Y luego, incontinente,
caló el chapeo, requirió la espada
miró al soslayo, fuese y no hubo nada.
La última imagen es la más inquietante, y la rima “espada/nada¨, la más elocuente.
Una dramática expresión de aquella decadencia espiral de la España del seiscientos.
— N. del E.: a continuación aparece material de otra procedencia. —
(* For every integer $\kappa\geq 1$ and every $z\ge1$, \[ F_{\kappa+1}(z) \geq \frac{P(\kappa)}{P(\kappa+1)}\prod_{p\leq \kappa+1}\left(1-\frac{1}{p}\right)\sum_{\substack{\ell\leq z\\(\ell,P(\kappa+1))=1}}\mu^2(\ell)\frac{\tau_\kappa(\ell)}{\psi_{\kappa+1}(\ell)\,\ell}\int_1^{z/\ell}\frac{F_\kappa(t)}{t}\,dt.\]
   Context: For $y>0$ let $P(y)=\prod_{p\le y}p$. For an integer $k\ge1$ and $y>0$, $F_k(y)=\sum_{q\leq y,\ (q,P(k))=1}\mu^2(q)\prod_{p\mid q}\frac{k}{p-k}$. $\tau_n(m)$ is the number of ordered $n$-tuples $(d_1,\dots,d_n)$ of positive integers with $d_1\cdots d_n=m$, and $\psi_n(m)=\prod_{p\mid m,\ p>n}(p-n)$. *)

theory Defs
  imports "HOL-Analysis.Analysis" "HOL-Computational_Algebra.Squarefree"
begin

definition primorial :: "real \<Rightarrow> nat" where
  "primorial y = (\<Prod>p\<in>{p::nat. prime p \<and> real p \<le> y}. p)"

text \<open>mu^2(q): square of the Moebius function, i.e. the indicator of squarefreeness.\<close>
definition mu2 :: "nat \<Rightarrow> real" where
  "mu2 q = (if squarefree q then 1 else 0)"

definition Fk :: "nat \<Rightarrow> real \<Rightarrow> real" where
  "Fk k y = (\<Sum>q\<in>{q::nat. 0 < q \<and> real q \<le> y \<and> coprime q (primorial (real k))}.
      mu2 q * (\<Prod>p\<in>prime_factors q. real k / (real p - real k)))"

definition tau :: "nat \<Rightarrow> nat \<Rightarrow> nat" where
  "tau n m = card {ds :: nat list. length ds = n \<and> (\<forall>d\<in>set ds. 0 < d) \<and> prod_list ds = m}"

definition psi :: "nat \<Rightarrow> nat \<Rightarrow> real" where
  "psi n m = (\<Prod>p\<in>{p \<in> prime_factors m. n < p}. real p - real n)"

end

theory Submission
  imports Defs
begin

text \<open>A squarefree number is identified with its set of prime factors, so that both sides become
  sums over finite sets of primes larger than \<open>\<kappa> + 1\<close>. Integrating the step function \<open>F\<^sub>\<kappa>\<close> gives
  \<open>\<integral>\<^sub>1\<^sup>y F\<^sub>\<kappa>(t) / t dt = \<Sum>\<^sub>q \<mu>\<^sup>2(q) (\<Prod>p dvd q. \<kappa> / (p - \<kappa>)) ln (y / q)\<close>, and raising the sieving
  threshold from \<open>\<kappa>\<close> to \<open>\<kappa> + 1\<close> costs at most the factor \<open>P(\<kappa>) / P(\<kappa> + 1)\<close>. Together with
  \<open>\<tau>\<^sub>\<kappa>(\<ell>) \<le> \<kappa>\<^sup>\<omega>\<^sup>(\<^sup>\<ell>\<^sup>)\<close>, the right-hand side becomes a convolution which collapses, by
  \<open>(1 + w) (1 + g) = 1 + \<kappa> / (p - \<kappa> - 1)\<close>, to
  \<open>\<Prod>\<^sub>p\<^sub>\<le>\<^sub>\<kappa>\<^sub>+\<^sub>1 (1 - 1/p) \<cdot> \<Sum>\<^sub>C (\<Prod>p\<in>C. \<kappa> / (p - \<kappa> - 1)) ln (z / C)\<close>. Finally, writing
  \<open>(\<kappa> + 1) / (p - \<kappa> - 1) = \<kappa> p / ((p - 1) (p - \<kappa> - 1)) + 1 / (p - 1)\<close> in \<open>F\<^sub>\<kappa>\<^sub>+\<^sub>1(z)\<close> produces
  sums of \<open>1 / \<phi>(n)\<close> over squarefree \<open>n\<close>; these dominate harmonic sums and hence
  \<open>\<Prod>(1 - 1/p) \<cdot> ln\<close>, which matches the convolution term by term.\<close>

section \<open>Squarefree numbers as sets of primes\<close>

lemma two_le_real_prime: "prime (p::nat) \<Longrightarrow> 2 \<le> real p"
  using prime_ge_2_nat by (metis of_nat_le_iff of_nat_numeral)

lemma one_le_prod_primes: "\<forall>p\<in>T. prime (p::nat) \<Longrightarrow> 1 \<le> (\<Prod>p\<in>T. real p)"
proof (rule prod_ge_1)
  fix p assume "\<forall>p\<in>T. prime p" "p \<in> T"
  then have "2 \<le> real p" using two_le_real_prime by blast
  then show "1 \<le> real p" by linarith
qed

lemma ln_divide_antimono:
  fixes a b y :: real
  assumes "0 < a" "a \<le> b" "b \<le> y"
  shows "ln (y / b) \<le> ln (y / a)"
  using assms by (subst ln_le_cancel_iff) (auto intro: divide_left_mono)

lemma prime_factors_prod_primes:
  assumes "finite T" "\<forall>p\<in>T. prime (p::nat)"
  shows "prime_factors (\<Prod>p\<in>T. p) = T"
proof -
  have "0 \<notin> id ` T" using assms by auto
  then have "prime_factors (prod id T) = \<Union> ((prime_factors \<circ> id) ` T)"
    using prime_factors_prod[OF assms(1)] by blast
  also have "\<dots> = T" using assms(2) by (auto simp: prime_prime_factors)
  finally show ?thesis by simp
qed

lemma squarefree_prod_primes:
  assumes "finite T" "\<forall>p\<in>T. prime (p::nat)"
  shows "squarefree (\<Prod>p\<in>T. p)"
proof (rule squarefree_prod_coprime)
qed (use assms in \<open>auto simp: primes_coprime squarefree_prime\<close>)

lemma prod_prime_factors_squarefree:
  assumes "squarefree (q::nat)"
  shows "(\<Prod>p\<in>prime_factors q. p) = q"
proof -
  have q: "q \<noteq> 0" using assms not_squarefree_0 by metis
  have "\<forall>p\<in>prime_factors q. multiplicity p q = 1"
    using assms q by (simp add: squarefree_factorial_semiring')
  then have "(\<Prod>p\<in>prime_factors q. p) = (\<Prod>p\<in>prime_factors q. p ^ multiplicity p q)"
    by (intro prod.cong) auto
  also have "\<dots> = q" using prod_prime_factors[OF q] by simp
  finally show ?thesis .
qed

lemma finite_primes_le: "finite {p::nat. prime p \<and> real p \<le> y}"
  by (rule finite_subset[of _ "{..nat \<lfloor>y\<rfloor>}"]) (auto intro: le_nat_floor)

lemma coprime_primorial_iff:
  assumes "0 < (q::nat)"
  shows "coprime q (primorial y) \<longleftrightarrow> (\<forall>p\<in>prime_factors q. y < real p)"
proof
  assume coprime: "coprime q (primorial y)"
  show "\<forall>p\<in>prime_factors q. y < real p"
  proof (intro ballI, rule ccontr)
    fix p assume p: "p \<in> prime_factors q" and "\<not> y < real p"
    then have "p dvd primorial y"
      unfolding primorial_def using finite_primes_le[of y] by (intro dvd_prodI) auto
    moreover have "p dvd q" using p by auto
    ultimately have "p dvd 1" using coprime by (metis coprime_common_divisor)
    then show False using p by (metis in_prime_factors_imp_prime not_prime_unit)
  qed
next
  assume large: "\<forall>p\<in>prime_factors q. y < real p"
  show "coprime q (primorial y)"
    unfolding primorial_def
  proof (rule prod_coprime_right)
    fix p assume p: "p \<in> {p::nat. prime p \<and> real p \<le> y}"
    show "coprime q p"
    proof (rule ccontr)
      assume "\<not> coprime q p"
      then have "p dvd q" using p by (metis coprime_commute mem_Collect_eq prime_imp_coprime)
      then have "p \<in> prime_factors q" using p assms by (auto simp: in_prime_factors_iff)
      then show False using large p by force
    qed
  qed
qed

text \<open>The squarefree numbers \<open>\<le> z\<close> without prime factors \<open>\<le> y\<close>, each represented by its set
  of prime factors.\<close>
definition rough_sets :: "real \<Rightarrow> real \<Rightarrow> nat set set" where
  "rough_sets y z = {T. finite T \<and> (\<forall>p\<in>T. prime p \<and> y < real p) \<and> (\<Prod>p\<in>T. real p) \<le> z}"

lemma rough_setsD:
  assumes "S \<in> rough_sets y z"
  shows "finite S" "\<forall>p\<in>S. prime p" "\<forall>p\<in>S. y < real p" "(\<Prod>p\<in>S. real p) \<le> z"
  using assms unfolding rough_sets_def by auto

lemma rough_sets_prod_ge_1: "S \<in> rough_sets y z \<Longrightarrow> 1 \<le> (\<Prod>p\<in>S. real p)"
  using one_le_prod_primes rough_setsD(2) by blast

lemma rough_sets_mem_le: "S \<in> rough_sets y z \<Longrightarrow> p \<in> S \<Longrightarrow> real p \<le> z"
proof -
  assume S: "S \<in> rough_sets y z" and p: "p \<in> S"
  note S' = rough_setsD[OF S]
  have "0 < (\<Prod>p\<in>S. p)" using S'(2) by (metis prime_gt_0_nat prod_pos)
  moreover have "p dvd (\<Prod>p\<in>S. p)" using S'(1) p by (rule dvd_prodI)
  ultimately have "p \<le> (\<Prod>p\<in>S. p)" by (simp add: dvd_imp_le)
  then have "real p \<le> real (\<Prod>p\<in>S. p)" by (simp only: of_nat_le_iff)
  with S'(4) show ?thesis by simp
qed

lemma finite_rough_sets: "finite (rough_sets y z)"
proof (rule finite_subset)
  show "rough_sets y z \<subseteq> Pow {..nat \<lfloor>z\<rfloor>}"
    by (auto dest: rough_sets_mem_le le_nat_floor)
qed simp

lemma sum_squarefree_coprime_primorial:
  fixes f :: "nat \<Rightarrow> real"
  shows "(\<Sum>q\<in>{q::nat. 0 < q \<and> real q \<le> z \<and> coprime q (primorial y)}. mu2 q * f q)
       = (\<Sum>T\<in>rough_sets y z. f (\<Prod>p\<in>T. p))"
proof -
  define A where "A = {q::nat. 0 < q \<and> real q \<le> z \<and> coprime q (primorial y)}"
  have "finite A" unfolding A_def
    by (rule finite_subset[of _ "{..nat \<lfloor>z\<rfloor>}"]) (auto intro: le_nat_floor)
  then have "(\<Sum>q\<in>A. mu2 q * f q) = (\<Sum>q\<in>{q\<in>A. squarefree q}. mu2 q * f q)"
    by (intro sum.mono_neutral_right) (auto simp: mu2_def)
  also have "\<dots> = (\<Sum>q\<in>{q\<in>A. squarefree q}. f q)"
    by (rule sum.cong) (auto simp: mu2_def)
  also have "{q\<in>A. squarefree q} = (\<lambda>T. \<Prod>p\<in>T. p) ` rough_sets y z"
  proof (intro equalityI subsetI)
    fix q assume "q \<in> {q\<in>A. squarefree q}"
    then have q: "0 < q" "squarefree q" "coprime q (primorial y)" "real q \<le> z"
      by (auto simp: A_def)
    have "real (\<Prod>p\<in>prime_factors q. p) \<le> z"
      using q(4) by (simp only: prod_prime_factors_squarefree[OF q(2)])
    then have "(\<Prod>p\<in>prime_factors q. real p) \<le> z" by simp
    then have "prime_factors q \<in> rough_sets y z"
      unfolding rough_sets_def using coprime_primorial_iff[OF q(1)] q(3) by auto
    then show "q \<in> (\<lambda>T. \<Prod>p\<in>T. p) ` rough_sets y z"
      using prod_prime_factors_squarefree[OF q(2)] by (metis image_eqI)
  next
    fix q assume "q \<in> (\<lambda>T. \<Prod>p\<in>T. p) ` rough_sets y z"
    then obtain T where T: "T \<in> rough_sets y z" and q: "q = (\<Prod>p\<in>T. p)" by auto
    note T' = rough_setsD[OF T]
    have "0 < q" using q T'(2) by (simp add: prime_gt_0_nat prod_pos)
    then show "q \<in> {q\<in>A. squarefree q}"
      unfolding A_def using T' q coprime_primorial_iff[of q y] prime_factors_prod_primes[of T]
        squarefree_prod_primes[of T] by auto
  qed
  also have "(\<Sum>q\<in>(\<lambda>T. \<Prod>p\<in>T. p) ` rough_sets y z. f q) = (\<Sum>T\<in>rough_sets y z. f (\<Prod>p\<in>T. p))"
  proof (rule sum.reindex_cong[OF _ refl refl], rule inj_onI)
    fix S T assume "S \<in> rough_sets y z" "T \<in> rough_sets y z" "(\<Prod>p\<in>S. p) = (\<Prod>p\<in>T. p)"
    then show "S = T" using prime_factors_prod_primes rough_setsD(1,2) by metis
  qed
  finally show ?thesis unfolding A_def .
qed

section \<open>Sums of \<open>1 / \<phi>(n)\<close> and harmonic sums over smooth numbers\<close>

text \<open>For a set \<open>P\<close> of primes, \<open>inv_totient_sum P x\<close> is the sum of \<open>1 / \<phi>(n)\<close> over the squarefree
  \<open>n \<le> x\<close> composed of primes in \<open>P\<close>.\<close>
definition inv_totient_sum :: "nat set \<Rightarrow> real \<Rightarrow> real" where
  "inv_totient_sum P x = (\<Sum>T\<in>{T. T \<subseteq> P \<and> (\<Prod>p\<in>T. real p) \<le> x}. \<Prod>p\<in>T. 1 / (real p - 1))"

definition smooth_numbers :: "nat set \<Rightarrow> real \<Rightarrow> nat set" where
  "smooth_numbers P x = {n. 0 < n \<and> real n \<le> x \<and> prime_factors n \<subseteq> P}"

definition inv_smooth_sum :: "nat set \<Rightarrow> real \<Rightarrow> real" where
  "inv_smooth_sum P x = (\<Sum>n\<in>smooth_numbers P x. 1 / real n)"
Habla de la inutilidad de las armas de lo que un tiempo fue ejercito famoso y
conquistador de más de medio planeta. De nada sirve en estos tiempos la espada,
recuerda el poeta que supo empuñarla y teñirla de rojo: “con la una mano en la espada
asida/y sangre de la otra derramada”. Otro soneto de la época, una de las glorias del
idioma, acude también a la imagen de la espada para cantar “lo que se pierde”; estas
son las últimas seis líneas:
Entré en mi casa: vi que amancillada
de antigua habitación era despojos;
mi báculo más corvo y menos fuerte.
Vencida de la edad sentí la espada
y no hallé cosa en qué poner los ojos
que no fuese recuerdo de la muerte.
Uno, el de Cervantes, y otro, el de Quevedo, son expresiones ajustadas de aquellos
males del XVII, los mismos que produjeron los mejores momentos del arte y literatura
españoles. Aquel Barroco que cantaron los grandes líricos del siglo, Góngora,
Quevedo, Lope; entre los cuales, a pesar de sus trabajos y desvelos, no podría
contarse al autor de la más formidable de las ficciones europeas de todos los tiempos.